Yea I realized that after I posted... oops...


----------



## RedWabbitVR (Mar 1, 2006)

*Re: Oil-related intake valve deposits (ltlblkcvc)*


_Quote, originally posted by *ltlblkcvc* »_but what about a water/meth system? would that not keep the deposits off the valves

anyone have ideas about this?


----------



## MR2ToVW (Jan 1, 2009)

*Re: Oil-related intake valve deposits (VWTechHouston)*


_Quote, originally posted by *VWTechHouston* »_alos it is now published (new TSB) that .5 quart consumption every 600miles is considered 'normal'.


----------



## MR2ToVW (Jan 1, 2009)

*Re: Oil-related intake valve deposits (ltlblkcvc)*


_Quote, originally posted by *ltlblkcvc* »_
anyone have ideas about this?

It's true. Steam is an excellent cleaner of an engine's internals.


----------



## VWTechHouston (Mar 21, 2008)

*Re: Oil-related intake valve deposits (solarflare)*


_Quote, originally posted by *solarflare* »_
How is not checking his oil every time he fills up causing him to burn oil? Or did he come in for other reasons like running out of oil? 
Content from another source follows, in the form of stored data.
lemma sum_length_fiber_comp:
  assumes r: "\<forall>i\<in>I. is_refinement (a i) c' (r i)" and q: "is_refinement c' c q"
    and j: "j < length c"
    and counts: "\<forall>k<length c'. (\<Sum>i\<in>I. length (fiber (a i) (r i) k)) = c' ! k * n + 1"
  shows "(\<Sum>i\<in>I. length (fiber (a i) (q \<circ> r i) j)) = c ! j * n + length (fiber c' q j)"
proof -
  let ?K = "{k. k < length c' \<and> q k = j}"
  have "(\<Sum>i\<in>I. length (fiber (a i) (q \<circ> r i) j))
      = (\<Sum>i\<in>I. \<Sum>k\<in>?K. length (fiber (a i) (r i) k))"
    using r by (intro sum.cong refl length_fiber_comp) (simp add: is_refinement_def)
  also have "\<dots> = (\<Sum>k\<in>?K. \<Sum>i\<in>I. length (fiber (a i) (r i) k))"
    by (rule sum.swap)
  also have "\<dots> = (\<Sum>k\<in>?K. c' ! k * n + 1)"
    using counts by (intro sum.cong) auto
  also have "\<dots> = (\<Sum>k\<in>?K. c' ! k) * n + card ?K"
    by (simp only: sum.distrib sum_distrib_right card_eq_sum)
  also have "(\<Sum>k\<in>?K. c' ! k) = c ! j"
    using q j by (simp add: is_refinement_def is_partition_def sum_list_fiber)
  also have "card ?K = length (fiber c' q j)"
    by (simp add: length_fiber)
  finally show ?thesis .
qed
lemma coeff_linear_factors_small_roots_ratio:
  fixes d :: real
  assumes "finite A" "A \<subseteq> {x. -d \<le> x \<and> x < 0}" "k < card A"
  shows "coeff (linear_factors A) k \<le> card A * d * coeff (linear_factors A) (Suc k)"
  using assms
proof (induction A arbitrary: k rule: finite_induct)
  case empty
  then show ?case by simp
next
  case (insert x A)
  let ?s = "coeff (linear_factors A)" and ?t = "coeff (linear_factors (insert x A))"
  have neg: "insert x A \<subseteq> {x. x < 0}" "A \<subseteq> {x. x < 0}" using insert.prems by auto
  have fin: "finite (insert x A)" using insert.hyps by simp
  note nonneg = coeff_linear_factors_nonneg[OF insert.hyps(1) neg(2)]
    coeff_linear_factors_nonneg[OF fin neg(1)]
  have x: "-x \<le> d" "0 < -x" using insert.prems by auto
  have "?t k \<le> Suc (card A) * d * ?s k"
  proof (cases k)
    case 0
    have "(-x) * ?s 0 \<le> d * ?s 0" using x nonneg by (intro mult_right_mono) auto
    also have "\<dots> \<le> Suc (card A) * d * ?s 0" using x nonneg by (intro mult_right_mono) auto
    finally show ?thesis using 0 insert.hyps by (simp add: coeff_linear_factors_insert)
  next
    case (Suc j)
    have "?s j \<le> card A * d * ?s k" using insert Suc by auto
    moreover have "(-x) * ?s k \<le> d * ?s k" using x nonneg by (intro mult_right_mono) auto
    ultimately show ?thesis using Suc insert.hyps by (simp add: coeff_linear_factors_insert algebra_simps)
  qed
  also have "\<dots> \<le> Suc (card A) * d * ?t (Suc k)"
    using x nonneg(1)[of "Suc k"] insert.hyps
    by (intro mult_left_mono) (auto simp: coeff_linear_factors_insert mult_nonpos_nonneg)
  finally show ?case using insert.hyps by simp
qed

lemma newton_step_0_2:
  fixes n r a b c :: real
  assumes "n > 0" "r > 0" "(n - 1) * b\<^sup>2 \<ge> 2 * n * a * c"
  shows "n * (r * b + a)\<^sup>2 \<ge> 2 * (n + 1) * (r * a) * (r * c + b)"
proof -
  have "n * (n * (r * b + a)\<^sup>2 - 2 * (n + 1) * (r * a) * (r * c + b))
     = (n * a - r * b)\<^sup>2 + (n + 1) * r\<^sup>2 * ((n - 1) * b\<^sup>2 - 2 * n * a * c)"
    by (simp add: algebra_simps power2_eq_square)
  also have "\<dots> \<ge> 0" using assms by (intro add_nonneg_nonneg mult_nonneg_nonneg) auto
  finally show ?thesis using assms(1) by (simp add: zero_le_mult_iff)
qed

lemma newton_step_0_3:
  fixes a b c e r :: real
  assumes "r > 0" "a \<ge> 0" "b \<ge> 0" "b * c \<ge> 10/3 * a * e" "b\<^sup>2 \<ge> 7/3 * a * c"
  shows "(r * b + a) * (r * c + b) \<ge> 10/3 * (r * a) * (r * e + c)"
proof -
  have "(r * b + a) * (r * c + b) - 10/3 * (r * a) * (r * e + c)
      = a * b + r * (b\<^sup>2 - 7/3 * a * c) + r\<^sup>2 * (b * c - 10/3 * a * e)"
    by (simp add: algebra_simps power2_eq_square)
  also have "\<dots> \<ge> 0" using assms by (intro add_nonneg_nonneg mult_nonneg_nonneg) auto
  finally show ?thesis by simp
qed

lemma newton_step_0_4:
  fixes a b c e f r :: real
  assumes "r > 0" "a \<ge> 0" "c \<ge> 0" "b * e \<ge> 13/3 * a * f" "b * c \<ge> 10/3 * a * e"
  shows "(r * b + a) * (r * e + c) \<ge> 13/3 * (r * a) * (r * f + e)"
proof -
  have "(r * b + a) * (r * e + c) - 13/3 * (r * a) * (r * f + e)
      = a * c + r * (b * c - 10/3 * a * e) + r\<^sup>2 * (b * e - 13/3 * a * f)"
    by (simp add: algebra_simps power2_eq_square)
  also have "\<dots> \<ge> 0" using assms by (intro add_nonneg_nonneg mult_nonneg_nonneg) auto
  finally show ?thesis by simp
qed

(* Weakened Newton inequalities, with constants chosen so that the chain survives multiplication
   by x + r, r > 0, as long as the degree stays at most 9. *)
definition newton_chain :: "nat \<Rightarrow> (nat \<Rightarrow> real) \<Rightarrow> bool" where
  "newton_chain n s \<longleftrightarrow> (real n - 1) * (s 1)\<^sup>2 \<ge> 2 * n * s 0 * s 2
     \<and> (n \<le> 8 \<longrightarrow> s 1 * s 2 \<ge> 10/3 * s 0 * s 3)
     \<and> (n \<le> 9 \<longrightarrow> s 1 * s 3 \<ge> 13/3 * s 0 * s 4)"

lemma newton_chain_weak_0_2:
  fixes s :: "nat \<Rightarrow> real"
  assumes "newton_chain n s" "n \<le> 7" "\<forall>k. s k \<ge> 0" "\<forall>k>n. s k = 0"
  shows "(s 1)\<^sup>2 \<ge> 7/3 * s 0 * s 2"
proof (cases "n \<ge> 2")
  case True
  have "7 * (real n - 1) * (s 0 * s 2) \<le> 6 * n * (s 0 * s 2)"
    using assms(2,3) by (intro mult_right_mono) auto
  also have "\<dots> \<le> 3 * ((real n - 1) * (s 1)\<^sup>2)"
    using assms(1) by (simp add: newton_chain_def algebra_simps)
  finally have "(real n - 1) * (7 * (s 0 * s 2)) \<le> (real n - 1) * (3 * (s 1)\<^sup>2)"
    by (simp add: algebra_simps)
  then show ?thesis using True by (simp add: mult_le_cancel_left_pos)
next
  case False
  then consider "n = 0" | "n = 1" by linarith
  then have "s 0 * s 2 = 0"
  proof cases
    case 1
    then show ?thesis using assms(4) by simp
  next
    case 2
    then have "s 0 * s 2 \<le> 0" using assms(1) by (simp add: newton_chain_def)
    moreover have "s 0 * s 2 \<ge> 0" using assms(3) by simp
    ultimately show ?thesis by linarith
  qed
  then have "7/3 * s 0 * s 2 = 0" by (simp add: mult.assoc)
  then show ?thesis using zero_le_power2[of "s 1"] by linarith
qed

lemma newton_chain_step:
  fixes s :: "nat \<Rightarrow> real"
  assumes chain: "newton_chain n s" and nonneg: "\<forall>k. s k \<ge> 0" and deg: "\<forall>k>n. s k = 0"
    and r: "r > 0"
  shows "newton_chain (Suc n) (\<lambda>k. r * s k + (if k = 0 then 0 else s (k - 1)))"
proof -
  have c02: "real n * (r * s 1 + s 0)\<^sup>2 \<ge> 2 * (real n + 1) * (r * s 0) * (r * s 2 + s 1)"
  proof (cases "n = 0")
    case True
    then show ?thesis using deg by simp
  next
    case False
    then show ?thesis
      using newton_step_0_2[where n="real n" and r=r and a="s 0" and b="s 1" and c="s 2"] chain r
      by (simp add: newton_chain_def)
  qed
  have c03: "(r * s 1 + s 0) * (r * s 2 + s 1) \<ge> 10/3 * (r * s 0) * (r * s 3 + s 2)" if "n \<le> 7"
    using newton_step_0_3[OF r] newton_chain_weak_0_2[OF chain that nonneg deg] nonneg chain that
    by (simp add: newton_chain_def)
  have c04: "(r * s 1 + s 0) * (r * s 3 + s 2) \<ge> 13/3 * (r * s 0) * (r * s 4 + s 3)" if "n \<le> 8"
    using newton_step_0_4[OF r] nonneg chain that by (simp add: newton_chain_def)
  show ?thesis
    unfolding newton_chain_def using c02 c03 c04 by (simp add: numeral_eq_Suc algebra_simps)
qed

lemma newton_chain_linear_factors:
  assumes "finite A" "A \<subseteq> {x. x < 0}"
  shows "newton_chain (card A) (coeff (linear_factors A))"
  using assms
proof (induction A rule: finite_induct)
  case empty
  then show ?case by (simp add: newton_chain_def linear_factors_def)
next
  case (insert x A)
  let ?s = "coeff (linear_factors A)"
  have "A \<subseteq> {x. x < 0}" "-x > 0" using insert.prems by auto
  moreover have "\<forall>k>card A. ?s k = 0"
    using degree_linear_factors[OF insert.hyps(1)] by (auto simp: coeff_eq_0)
  ultimately have "newton_chain (Suc (card A)) (\<lambda>k. (-x) * ?s k + (if k = 0 then 0 else ?s (k - 1)))"
    using insert.IH coeff_linear_factors_nonneg[OF insert.hyps(1)] by (intro newton_chain_step) auto
  moreover have "coeff (linear_factors (insert x A))
      = (\<lambda>k. (-x) * ?s k + (if k = 0 then 0 else ?s (k - 1)))"
    using insert.hyps by (intro ext coeff_linear_factors_insert)
  ultimately show ?case using insert.hyps by simp
qed

section \<open>Points of T have a coefficient that is not tiny\<close>

lemma monic_quadratic_without_real_roots:
  fixes Q :: "real poly"
  assumes "degree Q = 2" "lead_coeff Q = 1" "\<And>y. poly Q y \<noteq> 0"
  obtains p q where "Q = [:q, p, 1:]" "p\<^sup>2 < 4 * q"
proof -
  define p q where "p = coeff Q 1" and "q = coeff Q 0"
  have Q: "Q = [:q, p, 1:]"
  proof (rule poly_eqI)
    fix k
    show "coeff Q k = coeff [:q, p, 1:] k"
      using assms(1,2) coeff_eq_0[of Q k] unfolding p_def q_def
      by (cases k; cases "k - 1"; cases "k - 2") (auto simp: numeral_2_eq_2)
  qed
  have "p\<^sup>2 < 4 * q"
  proof (rule ccontr)
    assume "\<not> p\<^sup>2 < 4 * q"
    then have "(sqrt (p\<^sup>2 - 4 * q))\<^sup>2 = p\<^sup>2 - 4 * q" by simp
    then have "poly Q ((- p + sqrt (p\<^sup>2 - 4 * q)) / 2) = 0"
      unfolding Q by (simp add: field_simps power2_eq_square)
    then show False using assms(3) by blast
  qed
  with Q show ?thesis using that by blast
qed

lemma Tset_factorization:
  assumes "a \<in> Tset"
  defines "N \<equiv> {x. x < 0 \<and> poly (Ppoly a) x = 0}"
  obtains \<rho> p q where "\<rho> > 0" "poly (Ppoly a) \<rho> = 0" "finite N" "card N = 8" "p\<^sup>2 < 4 * q"
    "Ppoly a = [:-\<rho>, 1:] * [:q, p, 1:] * linear_factors N"
proof -
  let ?P = "Ppoly a"
  note T = assms(1)[unfolded Tset_def mem_Collect_eq]
  obtain \<rho> where \<rho>: "{x. x > 0 \<and> poly ?P x = 0} = {\<rho>}"
    using T card_1_singletonE by blast
  then have \<rho>_root: "\<rho> > 0" "poly ?P \<rho> = 0" by auto
  have cardN: "card N = 8" using T unfolding N_def by blast
  then have finN: "finite N" by (metis card.infinite zero_neq_numeral)
  have \<rho>N: "\<rho> \<notin> N" using \<rho>_root unfolding N_def by simp
  define R where "R = {x. poly ?P x = 0}"
  have "poly ?P 0 \<noteq> 0" using T by (simp add: poly_Ppoly)
  then have "x \<in> R \<longleftrightarrow> x = \<rho> \<or> x \<in> N" for x
    using \<rho> \<rho>_root unfolding R_def N_def by (cases x "0::real" rule: linorder_cases) auto
  then have R: "R = insert \<rho> N" by auto
  have finR: "finite R" using finN R by simp
  obtain Q where PQ: "?P = linear_factors R * Q"
    using linear_factors_dvd[OF finR, of ?P] unfolding R_def by (auto elim: dvdE)
  have Q: "Q \<noteq> 0" using PQ Ppoly_nonzero by auto
  have "degree (linear_factors R) = 9"
    using degree_linear_factors[OF finR] R finN \<rho>N cardN by simp
  moreover have LR: "linear_factors R \<noteq> 0" using lead_coeff_linear_factors[of R] by auto
  ultimately have "degree Q = 2"
    using PQ degree_Ppoly[of a] Q by (simp add: degree_mult_eq)
  moreover have "lead_coeff Q = 1"
    using PQ lead_coeff_Ppoly[of a] by (simp add: lead_coeff_mult lead_coeff_linear_factors)
  moreover have "poly Q y \<noteq> 0" for y
  proof
    assume Qy: "poly Q y = 0"
    then have "poly ?P y = 0" by (subst PQ) simp
    then have "y \<in> R" unfolding R_def by simp
    then have "poly (linear_factors R) y = 0"
      using finR by (auto simp: poly_linear_factors)
    then have "order y (linear_factors R) \<noteq> 0"
      using order_root LR by blast
    moreover have "order y Q \<noteq> 0" using Qy Q order_root by blast
    moreover have "order y ?P = order y (linear_factors R) + order y Q"
      using PQ Ppoly_nonzero order_mult by metis
    ultimately show False using T \<open>y \<in> R\<close> unfolding R_def by auto
  qed
  ultimately obtain p q where pq: "Q = [:q, p, 1:]" "p\<^sup>2 < 4 * q"
    using monic_quadratic_without_real_roots[of Q] by blast
  have "linear_factors R = [:-\<rho>, 1:] * linear_factors N"
    using R finN \<rho>N by (simp add: linear_factors_insert)
  then have "?P = [:-\<rho>, 1:] * [:q, p, 1:] * linear_factors N"
    unfolding PQ pq by (simp only: mult_ac)
  with that \<rho>_root finN cardN pq(2) show ?thesis by blast
qed

lemma Ppoly_root_estimate:
  fixes x e :: real
  assumes "\<forall>j<10. \<bar>coef10 a j\<bar> \<le> e" "poly (Ppoly a) x = 0"
  shows "\<bar>x ^ 10 * (x - 1)\<bar> \<le> e * (\<Sum>j<10. \<bar>x\<bar> ^ j)"
proof -
  have "x ^ 10 * (x - 1) = - (\<Sum>j<10. coef10 a j * x ^ j)"
    using assms(2) by (simp add: poly_Ppoly algebra_simps eval_nat_numeral)
  then have "\<bar>x ^ 10 * (x - 1)\<bar> \<le> (\<Sum>j<10. \<bar>coef10 a j * x ^ j\<bar>)"
    by (simp only: abs_minus_cancel sum_abs)
  also have "\<dots> \<le> (\<Sum>j<10. e * \<bar>x\<bar> ^ j)"
    using assms(1) by (intro sum_mono) (auto simp: abs_mult power_abs intro: mult_right_mono)
  finally show ?thesis by (simp add: sum_distrib_left)
qed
What VWOA is trying to say _ I THINK_ ( i say thins because every time i talk to tech line the first thing they as if the customer is checking and topping off the oil) is that customers MUST be checking their oil regularly and topping it of as needed, if they are not doing this than they are at fault if the car runs out of oil. And no he only ever came in complaining about the car loosing oil, and he was not adding oil at all.


_Quote, originally posted by *solarflare* »_
Still if a ring job solves the problem, then there was a problem with the engine, no? The reason I ask is because my engine burns about 1qt/1000 miles and has done so since day one


My only advise is find another dealer, tell them you have to add at least 1qt of oil every 1k miles, show some form of documentation, if they are worth a damn they should be able to help you. Honestly as a tech i have zero say in what gets fixed if anything at all, the decision to fix any oil problems is up to VWOA, District Reps, and Service Managers. Its ****ty i know, but that's just how it is.


_Quote, originally posted by *solarflare* »_
Will I have valve problems or catalytic converter failures down the road because of it?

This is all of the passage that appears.